Fast forward to last winter. For years, I’d been having occasional episodes of atrial fibrillation. The episodes would typically last for less than a day, I would convert back to normal rhythm on my own, and move on. At some point, my cardiologist put me on an anti-arrhythmic drug, which worked well for about 4 years; then I had a episode that didn’t convert back for several weeks, and he changed me to another drug, which worked for a while. Last January, I had another episode, short-lived again. But at that time, he said it was time to consider cardiac ablation surgery. The drug I was on wasn’t working like it had, and the drugs beyond that had more and nastier side effects. We decided to to discuss it again after my vacation to Greece in March; when I got back, we scheduled the surgery for July 1. In May, I had another episode; I didn’t convert back, so they started me on a blood thinner until the surgery. Once again, my walking got interrupted, because in a state of constant atrial fibrillation, I really didn’t have energy for long walks. On July 1, I underwent cardiac ablation surgery. It went fine, I was in the hospital overnight, and went home the next day to recover. After a few days of a very sore chest and throat (from the things they had shoved down my throat during the surgery), I was getting better rapidly, until my left leg began hurting. No blood clot, but the cardiologist wasn’t sure what was going on. Additional CT scans and ultrasounds didn’t reveal the cause; finally he said I should maybe go see my orthopedic surgeon (which I had wanted to do days earlier). When I was finally able to get in to see him, he diagnosed the problem in 5 minutes – bleeding into the quad muscles, which caused my left leg and knee to be very swollen and stiff, and very painful. He prescribed a month of physical therapy, which worked wonders in fairly short order. And while I was going through the weeks of PT, I started really wanting to be walking again. By early August, I was pretty much back to normal, and decided to start getting out of bed and getting out the door again. Since retiring from my state government job last year (I now work as a consultant part-time) I have a very flexible schedule, so I can get a good walk in and still have a leisurely morning most days before going to work.
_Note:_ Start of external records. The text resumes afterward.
lemma leaf3_on_doubling:
  assumes sol: "leaf3_on b r r'"
  shows "leaf3_on (2 * b) (\<lambda>t. doubling (r (t / 2)))
    (\<lambda>t. doubling_deriv (r (t / 2)) * r' (t / 2) / 2)"
  unfolding leaf3_on_def
proof (intro allI impI conjI)
  fix t :: real
  assume "\<bar>t\<bar> < 2 * b"
  then have s: "\<bar>t / 2\<bar> < b" by simp
  have den: "0 < doubling_den (r (t / 2))"
    using doubling_den_ge_one[OF leaf3_on_abs_le_one[OF sol s]] by simp
  have energy: "r' (t / 2) ^ 2 = 1 - r (t / 2) ^ 6"
    using leaf3_onD(3)[OF sol s] by simp
  have half: "((\<lambda>t. t / 2) has_real_derivative 1 / 2) (at t)"
    by (auto intro!: derivative_eq_intros)
  have r: "((\<lambda>t. r (t / 2)) has_real_derivative r' (t / 2) * (1 / 2)) (at t)"
    using DERIV_chain2[OF leaf3_onD(1)[OF sol s] half] by simp
  have r': "((\<lambda>t. r' (t / 2)) has_real_derivative - 3 * r (t / 2) ^ 5 * (1 / 2)) (at t)"
    using DERIV_chain2[OF leaf3_onD(2)[OF sol s] half] by simp
  have D': "((\<lambda>t. doubling_deriv (r (t / 2))) has_real_derivative
      doubling_deriv2 (r (t / 2)) * (r' (t / 2) * (1 / 2))) (at t)"
    using DERIV_chain2[OF has_real_derivative_doubling_deriv[OF den] r] by simp
  show "((\<lambda>t. doubling (r (t / 2))) has_real_derivative
      doubling_deriv (r (t / 2)) * r' (t / 2) / 2) (at t)"
    using DERIV_chain2[OF has_real_derivative_doubling[OF den] r] by simp
  have "((\<lambda>t. doubling_deriv (r (t / 2)) * r' (t / 2) / 2) has_real_derivative
      (doubling_deriv2 (r (t / 2)) * (1 - r (t / 2) ^ 6)
        - 3 * r (t / 2) ^ 5 * doubling_deriv (r (t / 2))) / 4) (at t)"
    using DERIV_cdivide[OF DERIV_mult[OF D' r'], of 2]
    by (simp add: energy[symmetric] power2_eq_square field_simps)
  then show "((\<lambda>t. doubling_deriv (r (t / 2)) * r' (t / 2) / 2) has_real_derivative
      - 3 * doubling (r (t / 2)) ^ 5) (at t)"
    by (simp add: doubling_ode[OF den])
  show "(doubling_deriv (r (t / 2)) * r' (t / 2) / 2)\<^sup>2 + doubling (r (t / 2)) ^ 6 = 1"
    using doubling_energy[OF den]
    by (simp add: power_mult_distrib energy field_simps)
qed

section \<open>Local existence by quadrature\<close>

(* Under the substitution r = 1 - w^2 the energy equation (r')^2 = 1 - r^6 becomes
   (2 w')^2 = leaf3_speed_poly w (see leaf3_speed_poly_eq), and leaf3_time w is the time an
   increasing solution needs to reach w from -1. *)
definition leaf3_speed_poly :: "real \<Rightarrow> real" where
  "leaf3_speed_poly w = 6 - 15 * w^2 + 20 * w^4 - 15 * w^6 + 6 * w^8 - w^10"

definition leaf3_time :: "real \<Rightarrow> real" where
  "leaf3_time w = integral {-1..w} (\<lambda>x. 2 / sqrt (leaf3_speed_poly x))"

lemma leaf3_speed_poly_eq: "w^2 * leaf3_speed_poly w = 1 - (1 - w^2) ^ 6"
  unfolding leaf3_speed_poly_def by algebra

lemma leaf3_speed_poly_pos:
  assumes "\<bar>w\<bar> \<le> 1"
  shows "0 < leaf3_speed_poly w"
proof (cases "w = 0")
  case True
  then show ?thesis by (simp add: leaf3_speed_poly_def)
next
  case False
  then have "0 < w^2" by simp
  moreover have "w^2 \<le> 1" using assms by (simp add: abs_square_le_1)
  ultimately have "(1 - w^2) ^ 6 < 1 ^ 6"
    by (intro power_strict_mono) auto
  then have "0 < w^2 * leaf3_speed_poly w" by (simp add: leaf3_speed_poly_eq)
  then show ?thesis using \<open>0 < w^2\<close> by (simp add: zero_less_mult_iff)
qed

lemma has_real_derivative_leaf3_time:
  assumes "-1 < w" "w < 1"
  shows "(leaf3_time has_real_derivative 2 / sqrt (leaf3_speed_poly w)) (at w)"
proof -
  have "continuous_on {-1..1} (\<lambda>x. 2 / sqrt (leaf3_speed_poly x))"
    unfolding leaf3_speed_poly_def[abs_def]
  proof (intro continuous_intros ballI)
    fix x :: real
    assume "x \<in> {-1..1}"
    then have "0 < leaf3_speed_poly x" by (intro leaf3_speed_poly_pos) auto
    then show "sqrt (6 - 15 * x^2 + 20 * x^4 - 15 * x^6 + 6 * x^8 - x^10) \<noteq> 0"
      by (simp add: leaf3_speed_poly_def)
  qed
  then have "(leaf3_time has_real_derivative 2 / sqrt (leaf3_speed_poly w)) (at w within {-1..1})"
    unfolding leaf3_time_def[abs_def]
    by (rule integral_has_real_derivative) (use assms in auto)
  then show ?thesis using at_within_Icc_at[OF assms] by simp
qed

lemma has_real_derivative_leaf3_speed_poly:
  "(leaf3_speed_poly has_real_derivative
     - 30 * w + 80 * w^3 - 90 * w^5 + 48 * w^7 - 10 * w^9) (at w)"
  unfolding leaf3_speed_poly_def[abs_def] by (auto intro!: derivative_eq_intros)

lemma leaf3_speed_ode_local_solution:
  "\<exists>a>0. \<exists>w. w 0 = 0 \<and> (\<forall>t. \<bar>t\<bar> < a \<longrightarrow>
     \<bar>w t\<bar> < 1 \<and> (w has_real_derivative sqrt (leaf3_speed_poly (w t)) / 2) (at t))"
proof -
  define T0 where "T0 = leaf3_time 0"
  define W where "W = inv_into {-1/2..1/2} leaf3_time"
  define a where "a = min (T0 - leaf3_time (-1/2)) (leaf3_time (1/2) - T0)"
  have T_deriv: "(leaf3_time has_real_derivative 2 / sqrt (leaf3_speed_poly x)) (at x)"
    and T_deriv_pos: "0 < 2 / sqrt (leaf3_speed_poly x)" if "-1/2 \<le> x" "x \<le> 1/2" for x
    using that has_real_derivative_leaf3_time leaf3_speed_poly_pos[of x] by auto
  have mono: "strict_mono_on {-1/2..1/2} leaf3_time"
    using T_deriv T_deriv_pos by (rule deriv_pos_imp_strict_mono_on)
  then have "leaf3_time (-1/2) < T0" "T0 < leaf3_time (1/2)"
    unfolding T0_def
    using strict_mono_onD[OF mono, of "-1/2" 0] strict_mono_onD[OF mono, of 0 "1/2"] by auto
  then have "0 < a" by (simp add: a_def)
  have "W T0 = 0"
    unfolding W_def T0_def using strict_mono_on_imp_inj_on[OF mono] by (simp add: inv_into_f_f)
  moreover have "\<bar>W (t + T0)\<bar> < 1 \<and>
      ((\<lambda>t. W (t + T0)) has_real_derivative sqrt (leaf3_speed_poly (W (t + T0))) / 2) (at t)"
    if "\<bar>t\<bar> < a" for t
  proof -
    have z: "leaf3_time (-1/2) < t + T0" "t + T0 < leaf3_time (1/2)"
      using that by (auto simp: a_def)
    have "-1/2 < W (t + T0) \<and> W (t + T0) < 1/2 \<and>
        (W has_real_derivative inverse (2 / sqrt (leaf3_speed_poly (W (t + T0))))) (at (t + T0))"
      unfolding W_def using inv_into_increasing_has_real_derivative[OF T_deriv T_deriv_pos _ z]
      by simp
    then have W': "(W has_real_derivative sqrt (leaf3_speed_poly (W (t + T0))) / 2) (at (t + T0))"
      and "\<bar>W (t + T0)\<bar> < 1" by auto
    have "((\<lambda>t. W (t + T0)) has_real_derivative sqrt (leaf3_speed_poly (W (t + T0))) / 2 * 1) (at t)"
      by (rule DERIV_chain2[where g = "\<lambda>t. t + T0", OF W']) (auto intro!: derivative_eq_intros)
    with \<open>\<bar>W (t + T0)\<bar> < 1\<close> show ?thesis by simp
  qed
  ultimately show ?thesis
    using \<open>0 < a\<close> by (intro exI[of _ a] conjI exI[of _ "\<lambda>t. W (t + T0)"]) auto
qed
So, I started walking again. At first I took walks like I used to take – 30-45 minutes. But I soon realized that (a) that wasn’t really long enough, and (b) I had time for a longer walk. So I began adding time and distance, and finding new walking routes. Some days I walk in the neighborhoods near my house. Other days, I’ll go to the multi-use trail along the Natchez Trace. That’s where I can get some really good, long walks in. My Fitbit measures the distance and number of steps, and I’ve found that the Fitbit’s distance measurement is pretty accurate. Now, most days I walk at least 4 miles, and I often get 5 miles in, all before breakfast. I take my Walkman radio and listen to NPR’s Morning Edition, and walk, and walk. It’s often the best part of my day. And my reward is scenes like this:

or this:

or, at this time of year:

And most days, when I’m walking along the Natchez Trace trail, I have the trail to myself:

Right now, I’m averaging about 25 miles a week on my morning walks. According to Fitbit, if you include all the steps I take during the day, I average about 40 miles a week. I guess when winter sets in I’ll see how dedicated I really am. For now, it’s just one foot in front of the other.